▸ **DATA FOR ANALYSIS**
== Segment start ==

(* Let a finitely generated group $\Gamma$ act freely and properly on a locally compact space $X$. Then the Hurder compactification $\tilde X$ is a $\Gamma$-equivariant compactification of $X$ (the action extends continuously) on whose corona $\partial_\Gamma X$ the group $\Gamma$ acts trivially, and it is the maximal such compactification: for every compactification $\bar X$ of $X$ to which the $\Gamma$-action extends continuously and such that every point of $\bar X\setminus X$ is fixed by $\Gamma$, the identity of $X$ extends to a continuous map $\tilde X\to\bar X$.
   Context: Fix a finite symmetric generating set $S$ of $\Gamma$ with word length $\|\cdot\|_S$. For a continuous $f:X\to\mathbb{R}$ and $R>0$, $\Gamma\text{-}var_R(f)(x)=\max\{|f(x)-f(\gamma x)|:\|\gamma\|_S\le R\}$. The Hurder compactification $\tilde X$ is the compactification of $X$ determined by the algebra of bounded continuous functions $f$ on $X$ such that for every $R>0$, $\Gamma\text{-}var_R(f)(x)\to 0$ as $x\to\infty$; its corona is $\partial_\Gamma X=\tilde X\setminus X$. *)

theory Defs
  imports "HOL-Analysis.Analysis" "HOL-Algebra.Generated_Groups"
begin

definition word_length :: "('g, 'm) monoid_scheme \<Rightarrow> 'g set \<Rightarrow> 'g \<Rightarrow> nat" where
  "word_length G S g =
     (LEAST n. \<exists>ws. length ws = n \<and> set ws \<subseteq> S \<and> foldr (\<otimes>\<^bsub>G\<^esub>) ws \<one>\<^bsub>G\<^esub> = g)"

== Segment end ==

▸ **THE TASK**
In the data above, find each line that uses the string "compactification". Copy it.

▸ **TASK OUTPUT**
(* Let a finitely generated group $\Gamma$ act freely and properly on a locally compact space $X$. Then the Hurder compactification $\tilde X$ is a $\Gamma$-equivariant compactification of $X$ (the action extends continuously) on whose corona $\partial_\Gamma X$ the group $\Gamma$ acts trivially, and it is the maximal such compactification: for every compactification $\bar X$ of $X$ to which the $\Gamma$-action extends continuously and such that every point of $\bar X\setminus X$ is fixed by $\Gamma$, the identity of $X$ extends to a continuous map $\tilde X\to\bar X$.
   Context: Fix a finite symmetric generating set $S$ of $\Gamma$ with word length $\|\cdot\|_S$. For a continuous $f:X\to\mathbb{R}$ and $R>0$, $\Gamma\text{-}var_R(f)(x)=\max\{|f(x)-f(\gamma x)|:\|\gamma\|_S\le R\}$. The Hurder compactification $\tilde X$ is the compactification of $X$ determined by the algebra of bounded continuous functions $f$ on $X$ such that for every $R>0$, $\Gamma\text{-}var_R(f)(x)\to 0$ as $x\to\infty$; its corona is $\partial_\Gamma X=\tilde X\setminus X$. *)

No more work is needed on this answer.